WHAT YOU ARE ASKED TO DO — Say how many lines of the listing below include the string "simp" and add nothing else.

INPUT RECORDS —

text \<open>A shortest chain is separated: a repetition or a shortcut between non-consecutive
  entries could be spliced out.\<close>

lemma exists_separated_chain:
  assumes "rs \<in> chains_to vb C v0" "v \<in> vb (hd rs)"
  shows "\<exists>rs'. rs' \<in> chains_to vb C v0 \<and> set rs' \<subseteq> set rs \<and> v \<in> vb (hd rs') \<and> separated vb rs'"
proof -
  define P where "P = (\<lambda>r. r \<in> chains_to vb C v0 \<and> set r \<subseteq> set rs \<and> v \<in> vb (hd r))"
  have "P rs" using assms P_def by auto
  then obtain r where r: "P r" and min: "\<And>r'. P r' \<Longrightarrow> length r \<le> length r'"
    using ex_has_least_nat[of P rs length] by blast
  have rc: "r \<in> chains_to vb C v0" using r P_def by auto
  have spliced: "P (take a r @ drop b r)"
    if "a \<le> b" "b < length r" "0 < a \<Longrightarrow> vb (r!(a-1)) \<inter> vb (r!b) \<noteq> {}"
      "a = 0 \<Longrightarrow> r!b = r!0" for a b
    using splice_chain[OF rc that] r unfolding P_def by auto
  have shorter: "\<not> P (take a r @ drop b r)" if "a < b" "b < length r" for a b
    using min[of "take a r @ drop b r"] that by auto
  have "separated vb r" unfolding separated_def
  proof (intro allI impI conjI)
    fix i j assume ij: "i < j" and j: "j < length r"
    show "r ! i \<noteq> r ! j"
    proof
      assume eq: "r ! i = r ! j"
      have link: "0 < i \<Longrightarrow> vb (r!(i-1)) \<inter> vb (r!j) \<noteq> {}"
        using successively_nth[of _ r "i-1"] rc eq ij j unfolding chains_to_def by auto
      have head: "i = 0 \<Longrightarrow> r!j = r!0" using eq by simp
      show False using spliced[OF _ j link head] shorter[OF ij j] ij by simp
    qed
  next
    fix i j assume j: "j < length r" and sij: "Suc i < j"
    show "vb (r ! i) \<inter> vb (r ! j) = {}"
      using spliced[of "Suc i" j] shorter[OF sij j] sij j by auto
  qed
  then show ?thesis using r P_def by auto
qed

TASK OUTPUT — 2